Een wonen onder toezicht waarschijnlijk.
Zo is het nu eenmaal.
(Hij is onderhand in een boom geklommen, wringt zich langs de eerste zijtak
verder omhoog.)
Ze zijn nu vlakbij. Vijf mannen, ieder met een apparaatje in de hand;
de bekende zoekapparaatjes. Die dingen zijn ontwikkeld uit de afstandmeter,
't werkt met een lichtflits die terugkaatst. Zo wordt de afstand aangegeven
van het te zoeken objekt tot het apparaatje.
Gelukkig zijn de opsporingsambtenaren, zoals ze officieel heten, zelf niet
zo vernuftig. Ze lopen hem voorbij omdat ze hun apparaatjes horizontaal
houden, wel verschillende richtingen op. (Een ouderwetse politiehond had
allang tegen de boom opgesprongen.)
Ach, het zijn eigenlijk gemoedelijke kerels, zeker geen 'jachthonden',
eerder ziekenbroeders. Niet hardhandig in ieder geval. Als ze ver genoeg
zijn rent 'ie verder.
Niet doldriest, want ze zoeken hem natuurlijk nog, maar licht springend
over afgebroken boomtakken.
Hij kent het hier. Geen twijfel meer over de goede richting.
Hij is op weg naar de muur.
Klimt er overheen.
Nadat hij ongeveer een kilometer heeft afgelegd over een smal paadje precies
achter de muur, onder de struiken door, die hier reusachtig zijn uitgegroeid.
Dan door zand (vermoeiend natuurlijk in die warmte).

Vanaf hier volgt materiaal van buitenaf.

lemma sum_Rd_below_top_nonpos:
  assumes y: "y \<in> eigsp_onb (n_eig br)"
  shows "(\<Sum>x\<in>eigenbasis - eigsp_onb (n_eig br). inner (Rd br x y y) x) \<le> 0"
proof -
  have r: "n_eig br \<in> {1..n_eig br}" using n_eig_pos by simp
  define D where "D = eigenbasis - eigsp_onb (n_eig br)"
  have yE: "y \<in> eigenbasis" using y eigsp_onb_subset_eigenbasis[OF r] by blast
  have lt: "eigval x < eigval y" if x: "x \<in> D" for x
  proof -
    obtain j where j: "j \<in> {1..n_eig br}" "x \<in> eigsp_onb j" "eigval x = eig br j"
      using x unfolding D_def by (blast elim: eigenbasisE)
    then have "j \<noteq> n_eig br" using x unfolding D_def by blast
    then have "j < n_eig br" using j(1) by simp
    then show ?thesis using eig_strict_mono[OF j(1) r] j(3) eigval_eigsp_onb[OF y] by simp
  qed
  have inner_Rd: "inner (Rd br x y y) x = (\<Sum>z\<in>D. Rd_term x y z)" if x: "x \<in> D" for x
  proof -
    have "(\<Sum>z\<in>eigsp_onb (n_eig br). Rd_term x y z) = 0"
    proof (rule sum.neutral, rule ballI)
      fix z assume z: "z \<in> eigsp_onb (n_eig br)"
      then have "z \<in> eigenbasis" "eigval z = eigval y"
        using eigsp_onb_subset_eigenbasis[OF r] eigval_eigsp_onb[OF y] eigval_eigsp_onb[OF z] by auto
      then show "Rd_term x y z = 0"
        using Rd_term_eq_zero x yE lt[OF x] unfolding D_def by auto
    qed
    then show ?thesis
      unfolding inner_Rd_onb_expansion[OF is_onb_eigenbasis] D_def
      by (simp add: sum.subset_diff[OF eigsp_onb_subset_eigenbasis[OF r] finite_eigenbasis])
  qed
  have "2 * (\<Sum>x\<in>D. \<Sum>z\<in>D. Rd_term x y z) = (\<Sum>x\<in>D. \<Sum>z\<in>D. Rd_term x y z + Rd_term z y x)"
    by (simp add: sum.distrib sum.swap[of "\<lambda>x z. Rd_term z y x"])
  also have "\<dots> \<le> 0"
    using Rd_term_swap_nonpos yE lt unfolding D_def by (intro sum_nonpos) auto
  finally show ?thesis using inner_Rd unfolding D_def by simp
qed
text \<open>Multiplying a refutation of the branch where \<open>l\<close> is false by the (Boolean) indicator of that
  branch, i.e. by the twin literal, costs one degree.\<close>

lemma sos_rep_neg_twin:
  assumes "sos_refutes (insert l \<rho>) e c" "k \<le> c" "l \<in> twin_vars n"
  shows "sos_rep \<rho> (e + 1) (c + 1) (\<lambda>b. - bool_point b (twin l))"
proof -
  obtain rs ts where 1: "length ts = length Q"
    "\<And>r. r \<in> set rs \<Longrightarrow> pdeg r \<le> e \<and> pvars r \<subseteq> twin_vars n"
    "\<And>t. t \<in> set ts \<Longrightarrow> pdeg t \<le> c - k \<and> pvars t \<subseteq> twin_vars n"
    "\<And>b. b \<in> subcube (insert l \<rho>) \<Longrightarrow> - 1 = sos_eval b rs ts"
    using assms(1) unfolding sos_refutes_def by (elim sos_repE) blast
  let ?L = "Var (twin l)"
  have L: "pvars ?L \<subseteq> twin_vars n"
    by (rule pvars_Var_subset) (rule twin_in_twin_vars[OF assms(3)])
  show ?thesis
  proof (rule sos_repI[of "map (\<lambda>t. ?L * t) ts" "map (\<lambda>r. ?L * r) rs"])
    fix r assume "r \<in> set (map (\<lambda>r. ?L * r) rs)"
    then obtain x where "x \<in> set rs" "r = ?L * x" by auto
    with 1(2)[of x] L show "pdeg r \<le> e + 1 \<and> pvars r \<subseteq> twin_vars n"
      by (simp add: pdeg_Var_mult_le pvars_mult_subset)
  next
    fix t assume "t \<in> set (map (\<lambda>t. ?L * t) ts)"
    then obtain x where "x \<in> set ts" "t = ?L * x" by auto
    moreover have "Suc (c - k) = c + 1 - k" using assms(2) by simp
    ultimately show "pdeg t \<le> c + 1 - k \<and> pvars t \<subseteq> twin_vars n"
      using 1(3)[of x] L by (metis pdeg_Var_mult_le pvars_mult_subset)
  next
    fix b assume b: "b \<in> subcube \<rho>"
    let ?x = "bool_point b (twin l)"
    have "sos_eval b (map (\<lambda>r. ?L * r) rs) (map (\<lambda>t. ?L * t) ts) = ?x * sos_eval b rs ts"
    proof -
      have "(?x * y) ^ 2 = ?x * y ^ 2" for y
        using bool_point_cases[of b "twin l"] by (auto simp: power2_eq_square)
      then show ?thesis
        using 1(1) by (simp add: sos_eval_def o_def sum_list_const_mult sum_distrib_left algebra_simps)
    qed
    moreover have "?x = 1 \<Longrightarrow> b \<in> subcube (insert l \<rho>)"
      using b bool_point_twin[of b l] by (auto simp: subcube_def)
    ultimately show "- ?x = sos_eval b (map (\<lambda>r. ?L * r) rs) (map (\<lambda>t. ?L * t) ts)"
      using 1(4) bool_point_cases[of b "twin l"] by force
  qed (simp add: 1(1))
qed
(* Assume $\theta_i<1$ for all $i$ and $\theta_j>0$ for some $j$. Suppose $\mathcal G(C)$ is a star topology with center node $l$ and $0<\theta_l<1$. Let $x^*$ be any equilibrium social power of systems (A) and (B). Then: (i) for any $i,j\in\mathcal V_f$, if $C_{li}>C_{lj}$ then $x^*_i>x^*_j$; (ii) for any $i\in\mathcal V_f$ and $j\in\mathcal V_p\setminus\{l\}$, if $C_{li}=C_{lj}$ then $x^*_i>x^*_j$; (iii) for any $i,j\in\mathcal V_p\setminus\{l\}$ with $C_{li}=C_{lj}$, $x^*_i>x^*_j$ if and only if $\theta_i<\theta_j$; (iv) for any $i,j\in\mathcal V_p\setminus\{l\}$ with $\theta_i=\theta_j$, $x^*_i>x^*_j$ if and only if $C_{li}>C_{lj}$.
   Context: Let $n\ge 2$, $\mathbf 1_n$ the all-ones vector, $I_n$ the identity matrix, $\Delta_n=\{x\in\mathbb R^n: x\ge 0,\ \mathbf 1_n^Tx=1\}$. Let $C\in\mathbb R^{n\times n}$ be a nonnegative row-stochastic matrix with zero diagonal, and $\mathcal G(C)$ the digraph on $\{1,\dots,n\}$ with an edge $(i,j)$ iff $C_{ij}>0$. $\mathcal G(C)$ is a star topology with center node $l$ if every edge of $\mathcal G(C)$ is either from $l$ or to $l$ (i.e. $C_{ij}>0$ implies $i=l$ or $j=l$). Let $\theta=(\theta_1,\dots,\theta_n)\in[0,1]^n$, $\Theta=\mathrm{diag}(\theta)$, $W(x)=\mathrm{diag}(x)+(I_n-\mathrm{diag}(x))C$. Let $\mathcal V_f=\{i:\theta_i=0\}$ and $\mathcal V_p=\{i:\theta_i>0\}$. System (A): $x(s+1)=F(x(s))$, $x(0)\in\Delta_n$, where $F(x)=(I_n-\Theta)(I_n-W(x)^T\Theta)^{-1}\mathbf 1_n/n$; an equilibrium is $x^*\in\Delta_n$ with $F(x^* )=x^*$. System (B): $V(k+1)=\Theta W(x(k))V(k)+I_n-\Theta$, $x(k+1)=V(k+1)^T\mathbf 1_n/n$, with $V(0)=I_n$, $x(0)\in\Delta_n$; an equilibrium is a pair $(V^*,x^* )$ with $V^*$ row-stochastic, $x^*\in\Delta_n$, $V^*=\Theta W(x^* )V^*+I_n-\Theta$, $x^*=(V^* )^T\mathbf 1_n/n$. The equilibrium social powers of (A) and (B) coincide (the fixed points of $F$). *)

theory Defs
  imports "HOL-Analysis.Analysis"
begin
definition zero_set :: "(nat \<Rightarrow> real) set \<Rightarrow> ((nat \<Rightarrow> real) \<Rightarrow> (nat \<Rightarrow> real)) \<Rightarrow> (nat \<Rightarrow> real) set" where
  "zero_set V \<psi> = {x \<in> V. \<psi> x = (\<lambda>_. 0)}"

text \<open>psi : V -> R^l naive stratified-smooth (continuous, smooth on every stratum),
  with 0 a regular value (the differential of psi restricted to each stratum is
  surjective at each zero).\<close>
definition cutout :: "nat \<Rightarrow> nat \<Rightarrow> nat \<Rightarrow> (nat \<Rightarrow> real) set \<Rightarrow> ((nat \<Rightarrow> real) \<Rightarrow> (nat \<Rightarrow> real)) \<Rightarrow> bool" where
  "cutout m n l V \<psi> \<longleftrightarrow>
     openin (top_of_set (quadrant m n)) V \<and> (\<lambda>_. 0) \<in> V \<and>
     continuous_on V \<psi> \<and> \<psi> ` V \<subseteq> csub {..<l} \<and>
     (\<forall>I. I \<subseteq> {..<m} \<longrightarrow> cinf_on (cjs m n I) (V \<inter> cstratum m n I) \<psi>) \<and>
     (\<forall>I. I \<subseteq> {..<m} \<longrightarrow> (\<forall>x \<in> zero_set V \<psi> \<inter> cstratum m n I.
        \<forall>y \<in> csub {..<l}. \<exists>c. y = (\<lambda>j. \<Sum>i\<in>cjs m n I. c i * pdv i \<psi> x j)))"

definition cposet :: "nat \<Rightarrow> nat \<Rightarrow> (nat \<Rightarrow> real) set \<Rightarrow> ((nat \<Rightarrow> real) \<Rightarrow> (nat \<Rightarrow> real)) \<Rightarrow> nat set set" where
  "cposet m n V \<psi> = {I. I \<subseteq> {..<m} \<and> zero_set V \<psi> \<inter> cstratum m n I \<noteq> {}}"

definition diffeo_onto :: "'a set \<Rightarrow> nat \<Rightarrow> ('a set \<times> ('a \<Rightarrow> nat \<Rightarrow> real)) set \<Rightarrow> ('a \<Rightarrow> nat \<Rightarrow> real)
     \<Rightarrow> nat set \<Rightarrow> (nat \<Rightarrow> real) set \<Rightarrow> bool" where
  "diffeo_onto M k Aa h J N \<longleftrightarrow> bij_betw h M N \<and>
     (\<forall>(W, \<phi>)\<in>Aa.
        cinf_on {..<k} (\<phi> ` (W \<inter> M)) (h \<circ> inv_into W \<phi>) \<and>
        (\<forall>y \<in> h ` (W \<inter> M). \<exists>Ob g. openin (top_of_set (csub J)) Ob \<and> y \<in> Ob \<and> cinf_on J Ob g \<and>
            (\<forall>z \<in> Ob \<inter> h ` (W \<inter> M). g z = \<phi> (inv_into M h z))))"
definition indifferent :: "('a \<Rightarrow> 'a \<Rightarrow> bool) \<Rightarrow> 'a \<Rightarrow> 'a \<Rightarrow> bool" where
  "indifferent R X Y \<longleftrightarrow> R X Y \<and> R Y X"

locale regret_representation =
  fixes xl xh :: real
    and R :: "(real \<Rightarrow> real) \<Rightarrow> (real \<Rightarrow> real) \<Rightarrow> bool"
    and \<psi> :: "real \<Rightarrow> real \<Rightarrow> real"
    and V :: "real measure \<Rightarrow> real"
  assumes complete: "complete_pref xl xh R"
    and transitive: "transitive_pref xl xh R"
    and regret_diag: "\<And>x. x \<in> {xl..xh} \<Longrightarrow> \<psi> x x = 0"
    and represents: "\<And>X Y. X \<in> lotteries xl xh \<Longrightarrow> Y \<in> lotteries xl xh \<Longrightarrow>
      R X Y \<longleftrightarrow> 0 \<le> V (regret_lottery \<psi> X Y)"
begin

lemma indifferent_refl: "X \<in> lotteries xl xh \<Longrightarrow> indifferent R X X"
  using complete unfolding complete_pref_def indifferent_def by blast

lemma indifferent_trans:
  "X \<in> lotteries xl xh \<Longrightarrow> Y \<in> lotteries xl xh \<Longrightarrow> Z \<in> lotteries xl xh \<Longrightarrow>
    indifferent R X Y \<Longrightarrow> indifferent R Y Z \<Longrightarrow> indifferent R X Z"
  using transitive unfolding transitive_pref_def indifferent_def by blast
lemma exp_ratio_has_vector_derivative_x:
  "((\<lambda>y. exp_ratio D N n (y, t)) has_vector_derivative exp_ratio D (ratio_dx D N n) (Suc n) (x, t)) (at x)"
proof -
  have "((\<lambda>z. exp_sum N z (of_real t) / exp_sum D z (of_real t) ^ n) has_field_derivative
          exp_ratio D (ratio_dx D N n) (Suc n) (x, t)) (at (of_real x))"
    using DERIV_divide_power[OF has_field_derivative_exp_sum_x has_field_derivative_exp_sum_x D_nonzero]
    by (simp add: exp_ratio_def ratio_dx_def algebra_simps)
  from has_vector_derivative_real_field[OF this] show ?thesis
    by (simp add: exp_ratio_def)
qed

lemma exp_ratio_has_vector_derivative_t:
  "((\<lambda>s. exp_ratio D N n (x, s)) has_vector_derivative exp_ratio D (ratio_dt D N n) (Suc n) (x, t)) (at t)"
proof -
  have "((\<lambda>z. exp_sum N (of_real x) z / exp_sum D (of_real x) z ^ n) has_field_derivative
          exp_ratio D (ratio_dt D N n) (Suc n) (x, t)) (at (of_real t))"
    using DERIV_divide_power[OF has_field_derivative_exp_sum_t has_field_derivative_exp_sum_t D_nonzero]
    by (simp add: exp_ratio_def ratio_dt_def algebra_simps)
  from has_vector_derivative_real_field[OF this] show ?thesis
    by (simp add: exp_ratio_def)
qed

lemma pdx_exp_ratio: "pdx (exp_ratio D N n) = exp_ratio D (ratio_dx D N n) (Suc n)"
  by (auto simp: pdx_def fun_eq_iff intro!: vector_derivative_at exp_ratio_has_vector_derivative_x)

lemma pdt_exp_ratio: "pdt (exp_ratio D N n) = exp_ratio D (ratio_dt D N n) (Suc n)"
  by (auto simp: pdt_def fun_eq_iff intro!: vector_derivative_at exp_ratio_has_vector_derivative_t)

lemma iter_pd_exp_ratio: "\<exists>N' n'. iter_pd bs (exp_ratio D N n) = exp_ratio D N' n'"
proof (induction bs)
  case (Cons b bs)
  then obtain N' n' where "iter_pd bs (exp_ratio D N n) = exp_ratio D N' n'" by blast
  then show ?case by (auto simp: pdx_exp_ratio pdt_exp_ratio)
qed auto

lemma smooth_R2_exp_ratio: "smooth_R2 (exp_ratio D N n)"
  unfolding smooth_R2_def
proof (intro allI conjI)
  fix bs x t
  obtain N' n' where iter: "iter_pd bs (exp_ratio D N n) = exp_ratio D N' n'"
    using iter_pd_exp_ratio by blast
  have "continuous_on UNIV (\<lambda>p::real \<times> real. exp_sum N' (of_real (fst p)) (of_real (snd p)) /
          exp_sum D (of_real (fst p)) (of_real (snd p)) ^ n')"
    by (intro continuous_intros continuous_on_exp_sum) (simp add: D_nonzero)
  then show "continuous_on UNIV (iter_pd bs (exp_ratio D N n))"
    unfolding iter unfolding exp_ratio_def case_prod_unfold .
  show "(\<lambda>y. iter_pd bs (exp_ratio D N n) (y, t)) differentiable at x"
    unfolding iter using exp_ratio_has_vector_derivative_x
    by (blast intro: differentiableI_vector)
  show "(\<lambda>s. iter_pd bs (exp_ratio D N n) (x, s)) differentiable at t"
    unfolding iter using exp_ratio_has_vector_derivative_t
    by (blast intro: differentiableI_vector)
qed

end

text \<open>
  For S = sin th and C = cos th these are the denominator and numerator of qsol:
  4 q0^2 S C = 2 q0^2 sin (2 th) and C \<plusminus> i S = e^(\<plusminus> i th).
\<close>

definition soliton_den :: "real \<Rightarrow> real \<Rightarrow> real \<Rightarrow> exp_terms" where
  "soliton_den q0 S C = [(1, of_real (2 * q0 * S), 0), (1, 0, of_real (4 * q0^2 * S * C))]"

Na ongeveer een kilometer bereikt hij een huis (de muur gaat over in de
zijmuur van een huis). Het is een konstruktie uit het begin van de twintigste
eeuw; meer dan honderd jaar oud dus. Breed en van steen.
Hij kijkt door de ramen (ziet blijkbaar niets). Loopt dan naar de achterkant,
waar een terras is, een terras dat uitloopt op planken steigers. Steigers
aan een meer.
2.
Hij is doodop.
Op het terras staan de bekende terrasstoelen van vroeger, wit. Bijbehorende
tafeltjes.
Een vierkante ruimte bestrooid met grind, daarop de tafeltjes en stoelen.
Grote stoelen, kleine tafeltjes. Aan de zijkant de muur, toch wel drie
meter hoog, scherpe punten er bovenop. Hij zakt op één van
de stoelen neer, steekt een sigaretje op.
Tot zo ver alles goed.
Op speciaal terrein nu, van het buitenhuis. Het meer behoort er zelfs ook
toe hoewel dat niet zo veel zegt want alleen de kant wordt gebruikt. Om
te zwemmen. Vissen soms herinnert 'ie zich. Vrijen natuurlijk, een eindje
verderop, waar het strandje is, meer naar het midden.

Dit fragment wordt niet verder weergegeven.